All white flour doughs, made with commercial yeast' 10 or 20 hours in the refrigerator is alright. Some TFLer's have reported mixing up 5 loaves of white bread dough, storing it in the refrigerator, and baking one a day until the dough is exhausted. In fact, in some cases the bread flavor may benefit from it. For examples, search for the discussions on Anis Bouabsa baguettes, or dmsnyder's San Joquin sourdough. I personally, have never retarded dough more than 24 hours.Moreover, I think most bakers retard dough mostly for the convenience of fitting baking into their busy schedules. Professional bakers use it especially to manage time in their production schedules.

The acids in sourdoughs will eventually break the gluten in the doughs; and some doughs just don't benefit at all from retarding them. I thnk the latter is true for multigrain doughs, but I've not explored them yet. I research the good, the bad, and the ugly of most everything I put in bread dough.

I think the best advice I can give you, is pick one recipe, and do it repeatedly, tweaking only one thing at a time, until you've got your techniques and timeline to your satisfaction. And reasearch the good and bad effects of dough ingredients on the baking process. Jeff Hamelman's Bread, and Peter Reinhart's The Bread Baker's Apprentice, both have lots of good information in them in addition to good bread formulae, tips, and techniques.

Here is a link to a microbiologist's  paper that attempts to matematically model sourdough behavior in reaction to changing environmental parameters, using controlled growth experiments. It a little bit hard going, but I've gleaned some better understanding of sourdough sloogging through it a couple of times. Your nickname implies you're a techie, so you my enjoy it.

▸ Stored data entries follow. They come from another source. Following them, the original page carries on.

lemma normalization_step:
  fixes \<phi> :: "'a::{field,finite} fps \<Rightarrow> int"
  assumes "prime p" "CARD('a) = p" "U1_hom p \<phi>"
    and kill: "\<forall>h\<in>Uj (m + 1). \<phi> h = 0" and pdiv: "\<forall>h\<in>Uj (l + 1). int p dvd \<phi> h"
    and "\<phi> (Ej m) \<noteq> 0" and J: "1 \<le> J" "l + J < m" "\<not> p dvd J"
    and t: "[t = \<phi> (Ej J)] (mod int p)" "t \<in> {0..<int p ^ 2}"
  obtains v where "v \<in> Uj (m - J)" "\<phi> v = 0" "\<phi> (Ej J oo (fps_X * v)) = t"
proof -
  define k where "k = m - J"
  have k: "1 \<le> k" "l + 1 \<le> k" "J + k = m" "1 \<le> m"
    using J by (auto simp: k_def)
  have Ej_l: "(Ej i :: 'a fps) \<in> Uj (l + 1)" if "k \<le> i" for i
    using Ej_in_Uj[of i] Uj_antimono[of "l + 1" i] that k by auto
  obtain \<mu> where \<mu>: "\<phi> (Ej m) = int p * \<mu>"
    using pdiv Ej_l[of m] k by (auto elim: dvdE)
  have "0 < \<mu>" "\<mu> < int p"
    using U1_hom_range[OF assms(3) Ej_in_U1[OF k(4)]] \<open>\<phi> (Ej m) \<noteq> 0\<close>
    by (auto simp: \<mu> zero_le_mult_iff power2_eq_square)
  then have "coprime \<mu> (int p)"
    using coprime_int_prime_if_not_dvd[OF assms(1)] zdvd_not_zless by blast
  moreover have "coprime (int J) (int p)"
    using coprime_int_prime_if_not_dvd[OF assms(1), of "int J"] J(3) by simp
  ultimately have cop: "coprime (int J * \<mu>) (int p)"
    by simp
  obtain e where e: "\<phi> (Ej k) = int p * e"
    using pdiv Ej_l[of k] by (auto elim: dvdE)
  obtain r where r: "t = \<phi> (Ej J) + int p * r"
    using t(1) by (metis cong_iff_dvd_diff dvdE diff_eq_eq add.commute)
  obtain c :: nat where c: "[int J * \<mu> * int c = r] (mod int p)"
    using exists_nat_cong_solution[OF cop] prime_gt_0_nat[OF assms(1)] by auto
  obtain c' :: nat where c': "[\<mu> * int c' = - (int c * e)] (mod int p)"
    using exists_nat_cong_solution[of \<mu> "int p"] cop prime_gt_0_nat[OF assms(1)] by auto
  define v :: "'a fps" where "v = Ej k ^ c * Ej m ^ c'"
  have U: "(Ej k :: 'a fps) \<in> U1" "(Ej m :: 'a fps) \<in> U1"
    using k(1,4) by (simp_all add: Ej_in_U1)
  show ?thesis
  proof (rule that)
    have "(Ej m :: 'a fps) \<in> Uj k"
      using Ej_in_Uj[OF k(4)] Uj_antimono[of k m] k(3) by auto
    then show "v \<in> Uj (m - J)"
      unfolding v_def k_def[symmetric] by (intro Uj_mult Uj_power Ej_in_Uj k(1))
    have "[int c * e + \<mu> * int c' = 0] (mod int p)"
      using c' by (simp add: cong_iff_dvd_diff algebra_simps)
    then have "(0 + int p * (int c * e + \<mu> * int c')) mod int p ^ 2 = (0 + int p * 0) mod int p ^ 2"
      by (rule mod_square_add_mult_cong)
    then show "\<phi> v = 0"
      unfolding v_def U1_hom_mult[OF assms(3) U1_power[OF U(1)] U1_power[OF U(2)]]
        U1_hom_power[OF assms(3) U(1)] U1_hom_power[OF assms(3) U(2)] e \<mu>
      by (simp add: mod_add_eq algebra_simps)
    have "\<phi> (Ej J oo (fps_X * v)) = (\<phi> (Ej J) + int p * (int J * \<mu> * int c)) mod int p ^ 2"
      unfolding v_def U1_hom_Ej_compose_Ej_powers[OF assms(3) kill J(1) k(1,3)] \<mu>
      by (simp add: algebra_simps)
    also have "\<dots> = (\<phi> (Ej J) + int p * r) mod int p ^ 2"
      using c by (rule mod_square_add_mult_cong)
    also have "\<dots> = t"
      using r t(2) by simp
    finally show "\<phi> (Ej J oo (fps_X * v)) = t" .
  qed
qed
lemma Dplus_eq_integral:
  assumes "uL \<in> U" "uR \<in> U"
  shows "Dplus A H uofw w uL uR = integral {0..1} (\<lambda>s. s *\<^sub>R path_integrand uL uR s)"
  unfolding Dplus_eq path_integrand_def
  by (subst integral_matrix_vector_mult)
     (auto simp: scaleR_matrix_vector_assoc intro!: integrable_weighted_AH_wpath assms continuous_intros)

lemma has_vector_derivative_upath:
  assumes "uL \<in> U" "uR \<in> U" "s \<in> {0..1}"
  shows "(upath uofw w uL uR has_vector_derivative H (wpath w uL uR s) *v (w uR - w uL))
           (at s within {0..1})"
proof -
  have "(wpath w uL uR has_derivative (\<lambda>t. t *\<^sub>R (w uR - w uL))) (at s within {0..1})"
    unfolding wpath_def[abs_def] by (auto intro!: derivative_eq_intros)
  from has_derivative_in_compose2[where t=W and g'="\<lambda>v h. H v *v h",
      OF uofw_deriv wpath_image_subset[OF assms(1,2)] assms(3) this]
  have "((\<lambda>t. uofw (wpath w uL uR t)) has_derivative
      (\<lambda>t. H (wpath w uL uR s) *v (t *\<^sub>R (w uR - w uL)))) (at s within {0..1})" .
  then show ?thesis
    by (simp add: has_vector_derivative_def upath_def[abs_def] matrix_vector_mult_scaleR)
qed

lemma path_integrand_eq:
  assumes "uL \<in> U" "uR \<in> U" "s \<in> {0..1}"
  shows "path_integrand uL uR s
    = A (upath uofw w uL uR s) *v vector_derivative (upath uofw w uL uR) (at s within {0..1})"
  using vector_derivative_within_closed_interval[OF _ assms(3) has_vector_derivative_upath[OF assms]]
  by (simp add: path_integrand_def AH_def upath_def matrix_vector_mul_assoc)

lemma Dminus_plus_Dplus:
  assumes "uL \<in> U" "uR \<in> U"
  shows "Dminus A H uofw w uL uR + Dplus A H uofw w uL uR
    = integral {0..1} (\<lambda>s. A (upath uofw w uL uR s) *v
                             vector_derivative (upath uofw w uL uR) (at s within {0..1}))"
proof -
  have "Dminus A H uofw w uL uR + Dplus A H uofw w uL uR
      = integral {0..1} (\<lambda>s. (1 - s) *\<^sub>R path_integrand uL uR s + s *\<^sub>R path_integrand uL uR s)"
    unfolding Dminus_eq_integral[OF assms] Dplus_eq_integral[OF assms]
    by (rule integral_add[symmetric]) (auto intro!: integrable_weighted_path_integrand assms continuous_intros)
  also have "\<dots> = integral {0..1} (path_integrand uL uR)"
    by (simp add: scaleR_left_diff_distrib)
  also have "\<dots> = integral {0..1} (\<lambda>s. A (upath uofw w uL uR s) *v
                                         vector_derivative (upath uofw w uL uR) (at s within {0..1}))"
    by (rule integral_cong) (rule path_integrand_eq[OF assms])
  finally show ?thesis .
qed

lemma Dminus_plus_Dplus_swap:
  assumes "uL \<in> U" "uR \<in> U"
  shows "Dminus A H uofw w uL uR + Dplus A H uofw w uR uL = 0"
proof -
  have "(\<lambda>s. (1 - s) *\<^sub>R AH (wpath w uL uR s)) integrable_on {0..1}"
    by (rule integrable_weighted_AH_wpath[OF assms]) (intro continuous_intros)
  from integral_reflect_unit_interval[OF this]
  have "integral {0..1} (\<lambda>s. s *\<^sub>R AH (wpath w uR uL s))
      = integral {0..1} (\<lambda>s. (1 - s) *\<^sub>R AH (wpath w uL uR s))"
    by (simp add: wpath_swap[of w uR uL])
  then show ?thesis
    by (simp add: Dminus_eq Dplus_eq matrix_vector_mult_diff_distrib)
qed

lemma entropy_conservation:
  fixes q :: "real^'n \<Rightarrow> real"
  assumes q_deriv: "\<And>u. u \<in> U \<Longrightarrow> (q has_derivative (\<lambda>h. w u \<bullet> (A u *v h))) (at u)"
    and L: "uL \<in> U" and R: "uR \<in> U"
  shows "w uL \<bullet> Dminus A H uofw w uL uR + w uR \<bullet> Dplus A H uofw w uL uR = q uR - q uL"
proof -
  let ?g = "path_integrand uL uR"
  have int_minus: "(\<lambda>s. (1 - s) *\<^sub>R ?g s) integrable_on {0..1}"
    and int_plus: "(\<lambda>s. s *\<^sub>R ?g s) integrable_on {0..1}"
    by (rule integrable_weighted_path_integrand[OF L R], intro continuous_intros)+
  have "w uL \<bullet> Dminus A H uofw w uL uR + w uR \<bullet> Dplus A H uofw w uL uR
      = integral {0..1} (\<lambda>s. (1 - s) *\<^sub>R ?g s \<bullet> w uL) + integral {0..1} (\<lambda>s. s *\<^sub>R ?g s \<bullet> w uR)"
    unfolding Dminus_eq_integral[OF L R] Dplus_eq_integral[OF L R]
    by (simp only: integral_component_eq[OF int_minus] integral_component_eq[OF int_plus]
        inner_commute[of "w uL"] inner_commute[of "w uR"])
  also have "\<dots> = integral {0..1} (\<lambda>s. (1 - s) *\<^sub>R ?g s \<bullet> w uL + s *\<^sub>R ?g s \<bullet> w uR)"
    using integral_add[OF integrable_linear[OF int_minus bounded_linear_inner_left]
        integrable_linear[OF int_plus bounded_linear_inner_left]]
    by (simp add: o_def)
  also have "\<dots> = integral {0..1} (\<lambda>s. ?g s \<bullet> wpath w uL uR s)"
    by (rule integral_cong) (simp add: wpath_def inner_simps algebra_simps)
  also have "\<dots> = q (upath uofw w uL uR 1) - q (upath uofw w uL uR 0)"
  proof (rule integral_unique, rule fundamental_theorem_of_calculus)
    fix s :: real assume s: "s \<in> {0..1}"
    let ?u = "upath uofw w uL uR s"
    have u: "?u \<in> U" and wu: "w ?u = wpath w uL uR s"
      using uofw_into w_uofw wpath_in_W[OF L R s] by (auto simp: upath_def)
    have "((\<lambda>t. q (upath uofw w uL uR t)) has_derivative
        (\<lambda>t. w ?u \<bullet> (A ?u *v (t *\<^sub>R (H (wpath w uL uR s) *v (w uR - w uL)))))) (at s within {0..1})"
      using has_derivative_compose[OF has_vector_derivative_upath[OF L R s, unfolded has_vector_derivative_def]
          q_deriv[OF u]] .
    then show "((\<lambda>t. q (upath uofw w uL uR t)) has_vector_derivative (?g s \<bullet> wpath w uL uR s))
        (at s within {0..1})"
      unfolding has_vector_derivative_def wu
      by (simp add: path_integrand_def AH_def upath_def matrix_vector_mult_scaleR matrix_vector_mul_assoc
          inner_commute)
  qed simp
  also have "\<dots> = q uR - q uL"
    by (simp add: upath_def wpath_def uofw_w L R)
  finally show ?thesis .
qed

The first set of curves displays one yeast strain, and two lactobacterium strains growth rate as a function of temperature.

The strains were examined in laboratory cultures, not dough, but it provides some insight into yeast and bacteria behaviour.

A TLF contributer, Debra Wink, has written two or three (maybe four) excellent posting about the science of sourdough that you can read here. I highly recommend them to you. Search "Debra Wink" in the search box on the left side of the TFL page.